When a line of the listing below has the string "assumes" in it, copy that line.
+--
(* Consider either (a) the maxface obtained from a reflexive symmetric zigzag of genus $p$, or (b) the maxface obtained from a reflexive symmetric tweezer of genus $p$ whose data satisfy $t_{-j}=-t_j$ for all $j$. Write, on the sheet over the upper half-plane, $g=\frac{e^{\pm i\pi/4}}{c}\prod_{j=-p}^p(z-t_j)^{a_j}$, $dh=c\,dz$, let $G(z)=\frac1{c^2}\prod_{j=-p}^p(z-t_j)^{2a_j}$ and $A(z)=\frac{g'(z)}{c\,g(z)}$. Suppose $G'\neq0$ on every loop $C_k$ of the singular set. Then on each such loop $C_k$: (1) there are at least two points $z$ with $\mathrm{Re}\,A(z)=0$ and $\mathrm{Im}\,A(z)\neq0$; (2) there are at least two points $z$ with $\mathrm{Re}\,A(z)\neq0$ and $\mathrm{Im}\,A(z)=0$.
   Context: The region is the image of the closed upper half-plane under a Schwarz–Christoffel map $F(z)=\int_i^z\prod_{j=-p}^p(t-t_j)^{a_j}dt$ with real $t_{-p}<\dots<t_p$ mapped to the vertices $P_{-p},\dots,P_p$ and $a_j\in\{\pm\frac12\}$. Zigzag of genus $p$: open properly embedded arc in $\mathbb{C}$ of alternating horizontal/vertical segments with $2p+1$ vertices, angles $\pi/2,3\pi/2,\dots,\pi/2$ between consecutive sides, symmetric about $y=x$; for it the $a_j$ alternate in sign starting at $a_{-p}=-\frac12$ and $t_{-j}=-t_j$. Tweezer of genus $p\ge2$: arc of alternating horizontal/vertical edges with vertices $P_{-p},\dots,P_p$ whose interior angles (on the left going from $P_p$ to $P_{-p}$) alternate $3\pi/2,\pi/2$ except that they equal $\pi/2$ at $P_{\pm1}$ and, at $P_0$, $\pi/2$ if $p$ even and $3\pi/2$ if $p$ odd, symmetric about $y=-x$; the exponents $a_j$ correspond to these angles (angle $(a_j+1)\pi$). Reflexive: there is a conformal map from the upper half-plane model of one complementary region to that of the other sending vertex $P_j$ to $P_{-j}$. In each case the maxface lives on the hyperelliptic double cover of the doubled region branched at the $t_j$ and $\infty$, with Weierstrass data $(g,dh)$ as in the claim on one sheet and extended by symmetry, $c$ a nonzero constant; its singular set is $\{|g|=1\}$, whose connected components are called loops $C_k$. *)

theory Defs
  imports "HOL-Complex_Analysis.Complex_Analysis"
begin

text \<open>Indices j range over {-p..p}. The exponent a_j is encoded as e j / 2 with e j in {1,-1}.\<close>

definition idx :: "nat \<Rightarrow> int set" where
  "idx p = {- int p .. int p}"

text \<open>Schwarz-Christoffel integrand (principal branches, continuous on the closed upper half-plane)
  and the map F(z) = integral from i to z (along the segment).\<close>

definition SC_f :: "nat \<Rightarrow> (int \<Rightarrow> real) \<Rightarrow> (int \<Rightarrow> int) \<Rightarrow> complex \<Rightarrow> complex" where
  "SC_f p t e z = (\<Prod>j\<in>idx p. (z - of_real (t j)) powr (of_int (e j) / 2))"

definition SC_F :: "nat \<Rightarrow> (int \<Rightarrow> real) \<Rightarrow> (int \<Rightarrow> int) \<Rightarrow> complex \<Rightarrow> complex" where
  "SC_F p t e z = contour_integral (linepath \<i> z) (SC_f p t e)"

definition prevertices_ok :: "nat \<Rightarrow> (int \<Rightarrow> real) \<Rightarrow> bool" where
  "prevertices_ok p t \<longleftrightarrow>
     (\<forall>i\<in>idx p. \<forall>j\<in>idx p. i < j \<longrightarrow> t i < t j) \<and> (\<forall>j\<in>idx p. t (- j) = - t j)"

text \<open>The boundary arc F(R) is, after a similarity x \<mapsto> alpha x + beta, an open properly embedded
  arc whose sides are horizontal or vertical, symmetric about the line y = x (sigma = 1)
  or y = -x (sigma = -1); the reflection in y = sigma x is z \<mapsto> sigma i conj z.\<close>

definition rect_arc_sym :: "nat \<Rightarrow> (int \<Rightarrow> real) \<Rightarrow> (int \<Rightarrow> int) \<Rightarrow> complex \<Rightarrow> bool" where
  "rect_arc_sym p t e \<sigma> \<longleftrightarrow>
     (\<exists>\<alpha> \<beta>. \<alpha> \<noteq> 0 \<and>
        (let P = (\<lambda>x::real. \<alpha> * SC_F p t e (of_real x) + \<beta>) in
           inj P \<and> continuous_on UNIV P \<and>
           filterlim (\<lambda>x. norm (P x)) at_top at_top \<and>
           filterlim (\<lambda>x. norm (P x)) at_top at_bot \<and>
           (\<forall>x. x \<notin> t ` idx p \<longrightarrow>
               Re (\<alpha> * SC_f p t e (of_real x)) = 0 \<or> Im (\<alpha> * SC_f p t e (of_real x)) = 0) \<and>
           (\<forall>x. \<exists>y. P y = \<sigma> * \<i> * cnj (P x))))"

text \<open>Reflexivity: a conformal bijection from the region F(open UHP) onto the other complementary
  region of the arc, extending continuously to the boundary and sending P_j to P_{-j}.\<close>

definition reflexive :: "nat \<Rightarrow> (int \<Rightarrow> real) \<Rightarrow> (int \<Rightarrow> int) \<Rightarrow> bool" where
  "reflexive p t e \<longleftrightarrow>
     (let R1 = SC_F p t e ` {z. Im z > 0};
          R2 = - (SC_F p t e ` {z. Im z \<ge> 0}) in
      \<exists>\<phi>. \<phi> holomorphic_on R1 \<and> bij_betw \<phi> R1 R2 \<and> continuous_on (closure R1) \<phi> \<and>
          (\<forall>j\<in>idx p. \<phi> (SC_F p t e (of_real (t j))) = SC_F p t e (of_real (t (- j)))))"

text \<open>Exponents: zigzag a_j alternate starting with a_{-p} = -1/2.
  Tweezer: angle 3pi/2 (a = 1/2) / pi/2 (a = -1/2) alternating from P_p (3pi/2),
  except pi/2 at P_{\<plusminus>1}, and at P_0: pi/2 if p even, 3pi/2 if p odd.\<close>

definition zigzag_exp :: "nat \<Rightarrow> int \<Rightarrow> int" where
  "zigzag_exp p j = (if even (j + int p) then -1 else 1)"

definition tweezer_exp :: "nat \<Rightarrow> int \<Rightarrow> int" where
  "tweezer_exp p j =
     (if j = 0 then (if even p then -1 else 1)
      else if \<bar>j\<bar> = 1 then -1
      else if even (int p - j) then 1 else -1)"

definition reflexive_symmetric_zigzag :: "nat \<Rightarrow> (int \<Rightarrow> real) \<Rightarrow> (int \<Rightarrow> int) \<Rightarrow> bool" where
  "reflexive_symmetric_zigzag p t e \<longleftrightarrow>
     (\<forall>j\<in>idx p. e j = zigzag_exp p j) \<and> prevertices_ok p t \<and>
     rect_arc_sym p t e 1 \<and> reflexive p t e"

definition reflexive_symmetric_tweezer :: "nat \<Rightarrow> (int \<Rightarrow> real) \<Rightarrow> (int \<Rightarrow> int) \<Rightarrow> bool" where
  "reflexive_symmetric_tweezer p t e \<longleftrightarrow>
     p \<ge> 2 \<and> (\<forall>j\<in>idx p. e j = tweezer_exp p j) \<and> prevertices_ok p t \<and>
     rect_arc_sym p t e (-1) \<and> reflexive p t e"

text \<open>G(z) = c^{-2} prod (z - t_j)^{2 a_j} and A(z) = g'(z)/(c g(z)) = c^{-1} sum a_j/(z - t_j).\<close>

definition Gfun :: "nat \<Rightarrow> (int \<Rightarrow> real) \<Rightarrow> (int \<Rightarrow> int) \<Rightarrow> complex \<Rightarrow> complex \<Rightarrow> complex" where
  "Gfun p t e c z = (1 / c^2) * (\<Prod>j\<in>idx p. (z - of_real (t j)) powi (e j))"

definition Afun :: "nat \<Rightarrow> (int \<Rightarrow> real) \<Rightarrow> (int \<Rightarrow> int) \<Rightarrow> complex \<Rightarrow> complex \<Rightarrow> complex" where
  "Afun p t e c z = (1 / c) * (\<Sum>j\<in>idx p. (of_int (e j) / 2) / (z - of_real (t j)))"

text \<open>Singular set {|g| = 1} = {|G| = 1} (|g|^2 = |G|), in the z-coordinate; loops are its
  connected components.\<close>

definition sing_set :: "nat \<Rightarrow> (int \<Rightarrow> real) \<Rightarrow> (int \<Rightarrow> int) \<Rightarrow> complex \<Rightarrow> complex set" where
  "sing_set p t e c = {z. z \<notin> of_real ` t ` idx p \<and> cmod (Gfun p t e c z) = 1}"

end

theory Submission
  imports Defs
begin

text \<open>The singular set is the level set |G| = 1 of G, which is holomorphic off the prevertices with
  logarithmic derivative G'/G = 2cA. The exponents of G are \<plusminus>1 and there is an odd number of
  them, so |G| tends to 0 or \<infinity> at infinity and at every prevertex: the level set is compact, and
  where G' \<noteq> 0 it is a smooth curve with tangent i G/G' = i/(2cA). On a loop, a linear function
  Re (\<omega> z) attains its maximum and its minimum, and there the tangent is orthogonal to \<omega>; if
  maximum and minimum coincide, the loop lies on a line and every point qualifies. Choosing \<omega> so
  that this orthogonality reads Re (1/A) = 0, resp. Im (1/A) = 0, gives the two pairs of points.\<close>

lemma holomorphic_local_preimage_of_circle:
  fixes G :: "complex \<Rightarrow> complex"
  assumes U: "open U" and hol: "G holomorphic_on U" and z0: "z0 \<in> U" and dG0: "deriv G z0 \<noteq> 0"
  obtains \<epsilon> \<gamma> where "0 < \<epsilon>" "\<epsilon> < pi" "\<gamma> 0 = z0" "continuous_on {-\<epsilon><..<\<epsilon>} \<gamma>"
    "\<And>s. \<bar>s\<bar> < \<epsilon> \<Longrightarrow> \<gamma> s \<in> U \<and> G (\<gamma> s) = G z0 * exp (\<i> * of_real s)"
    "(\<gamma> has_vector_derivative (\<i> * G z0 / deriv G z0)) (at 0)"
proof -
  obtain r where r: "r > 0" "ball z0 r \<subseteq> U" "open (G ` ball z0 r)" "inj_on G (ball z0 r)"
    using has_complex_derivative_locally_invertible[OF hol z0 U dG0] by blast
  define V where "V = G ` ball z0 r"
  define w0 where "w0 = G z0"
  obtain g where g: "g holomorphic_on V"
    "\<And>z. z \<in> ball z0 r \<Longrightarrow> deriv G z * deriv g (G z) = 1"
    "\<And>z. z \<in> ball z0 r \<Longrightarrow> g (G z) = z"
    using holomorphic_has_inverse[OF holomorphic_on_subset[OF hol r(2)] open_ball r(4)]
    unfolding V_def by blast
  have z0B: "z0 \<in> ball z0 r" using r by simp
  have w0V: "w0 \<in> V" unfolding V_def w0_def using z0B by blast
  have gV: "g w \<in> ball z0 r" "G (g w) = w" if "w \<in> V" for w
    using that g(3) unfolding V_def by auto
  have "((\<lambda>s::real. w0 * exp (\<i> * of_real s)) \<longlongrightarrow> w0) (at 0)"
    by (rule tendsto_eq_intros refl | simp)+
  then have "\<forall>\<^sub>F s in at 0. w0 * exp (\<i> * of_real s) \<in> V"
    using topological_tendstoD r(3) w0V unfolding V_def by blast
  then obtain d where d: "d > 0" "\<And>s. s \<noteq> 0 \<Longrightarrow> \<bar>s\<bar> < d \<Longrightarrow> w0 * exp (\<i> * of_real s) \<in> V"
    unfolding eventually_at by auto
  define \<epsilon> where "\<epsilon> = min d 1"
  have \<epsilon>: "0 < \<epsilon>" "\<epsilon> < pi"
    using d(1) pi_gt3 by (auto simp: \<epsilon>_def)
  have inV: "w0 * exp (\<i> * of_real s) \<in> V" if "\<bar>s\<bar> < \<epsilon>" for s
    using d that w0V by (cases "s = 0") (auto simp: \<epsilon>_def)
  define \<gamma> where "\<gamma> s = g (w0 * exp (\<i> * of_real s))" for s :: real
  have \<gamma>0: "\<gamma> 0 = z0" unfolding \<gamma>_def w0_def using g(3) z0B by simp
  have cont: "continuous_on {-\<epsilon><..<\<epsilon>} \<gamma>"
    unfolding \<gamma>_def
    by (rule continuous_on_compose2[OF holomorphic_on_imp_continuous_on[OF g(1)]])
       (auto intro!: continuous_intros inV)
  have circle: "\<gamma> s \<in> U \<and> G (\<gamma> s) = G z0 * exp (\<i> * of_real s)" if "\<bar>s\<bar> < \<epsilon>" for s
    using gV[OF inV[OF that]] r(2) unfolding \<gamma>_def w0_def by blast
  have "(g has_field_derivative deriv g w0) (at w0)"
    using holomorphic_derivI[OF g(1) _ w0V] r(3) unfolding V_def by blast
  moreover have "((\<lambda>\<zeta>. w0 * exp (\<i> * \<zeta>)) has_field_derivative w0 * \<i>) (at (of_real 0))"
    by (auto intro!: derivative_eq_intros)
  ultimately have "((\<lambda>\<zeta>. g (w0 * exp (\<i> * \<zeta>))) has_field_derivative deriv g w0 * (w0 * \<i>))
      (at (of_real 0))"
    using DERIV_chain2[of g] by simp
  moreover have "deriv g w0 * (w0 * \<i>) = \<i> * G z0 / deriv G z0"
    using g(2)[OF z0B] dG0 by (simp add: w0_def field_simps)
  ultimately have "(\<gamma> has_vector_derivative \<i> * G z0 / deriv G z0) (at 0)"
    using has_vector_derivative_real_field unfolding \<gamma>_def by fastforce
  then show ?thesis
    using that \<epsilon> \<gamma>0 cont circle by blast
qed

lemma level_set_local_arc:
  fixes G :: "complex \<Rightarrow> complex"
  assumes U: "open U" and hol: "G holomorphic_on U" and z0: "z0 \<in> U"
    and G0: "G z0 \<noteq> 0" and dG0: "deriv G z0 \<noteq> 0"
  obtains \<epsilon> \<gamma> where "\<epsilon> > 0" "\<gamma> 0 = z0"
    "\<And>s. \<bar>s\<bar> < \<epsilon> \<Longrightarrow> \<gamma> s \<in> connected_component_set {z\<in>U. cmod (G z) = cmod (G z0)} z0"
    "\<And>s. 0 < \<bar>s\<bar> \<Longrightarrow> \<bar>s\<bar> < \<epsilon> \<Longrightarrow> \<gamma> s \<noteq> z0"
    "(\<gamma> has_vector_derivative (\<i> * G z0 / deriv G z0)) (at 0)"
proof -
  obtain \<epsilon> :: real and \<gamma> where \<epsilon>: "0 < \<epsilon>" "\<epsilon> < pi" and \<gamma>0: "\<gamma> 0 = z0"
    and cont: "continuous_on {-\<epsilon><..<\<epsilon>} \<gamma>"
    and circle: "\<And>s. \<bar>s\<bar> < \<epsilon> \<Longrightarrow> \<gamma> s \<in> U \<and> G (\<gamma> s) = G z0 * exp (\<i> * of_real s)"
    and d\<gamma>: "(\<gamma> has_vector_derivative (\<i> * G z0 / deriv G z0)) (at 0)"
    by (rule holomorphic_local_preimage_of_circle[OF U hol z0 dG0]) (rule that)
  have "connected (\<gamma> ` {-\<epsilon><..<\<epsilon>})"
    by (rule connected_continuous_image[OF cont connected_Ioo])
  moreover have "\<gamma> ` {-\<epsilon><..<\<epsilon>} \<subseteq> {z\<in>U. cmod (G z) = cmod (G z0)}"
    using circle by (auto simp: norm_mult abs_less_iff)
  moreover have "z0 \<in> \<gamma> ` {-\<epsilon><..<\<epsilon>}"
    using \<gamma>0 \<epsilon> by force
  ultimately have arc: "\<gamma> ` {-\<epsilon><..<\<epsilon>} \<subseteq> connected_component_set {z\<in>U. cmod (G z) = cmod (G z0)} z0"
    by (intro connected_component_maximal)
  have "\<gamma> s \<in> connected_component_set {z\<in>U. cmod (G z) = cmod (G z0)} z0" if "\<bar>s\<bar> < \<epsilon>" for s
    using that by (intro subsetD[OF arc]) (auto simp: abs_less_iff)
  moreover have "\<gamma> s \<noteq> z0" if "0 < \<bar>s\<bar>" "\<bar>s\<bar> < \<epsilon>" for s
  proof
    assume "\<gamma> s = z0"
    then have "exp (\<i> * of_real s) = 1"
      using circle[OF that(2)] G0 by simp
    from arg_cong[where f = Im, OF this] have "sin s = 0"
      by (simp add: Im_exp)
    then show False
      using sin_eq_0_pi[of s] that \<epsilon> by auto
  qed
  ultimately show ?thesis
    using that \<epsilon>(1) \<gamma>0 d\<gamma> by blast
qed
+--
== RESPONSE TO THIS EXERCISE ==
  assumes U: "open U" and hol: "G holomorphic_on U" and z0: "z0 \<in> U" and dG0: "deriv G z0 \<noteq> 0"
  assumes U: "open U" and hol: "G holomorphic_on U" and z0: "z0 \<in> U"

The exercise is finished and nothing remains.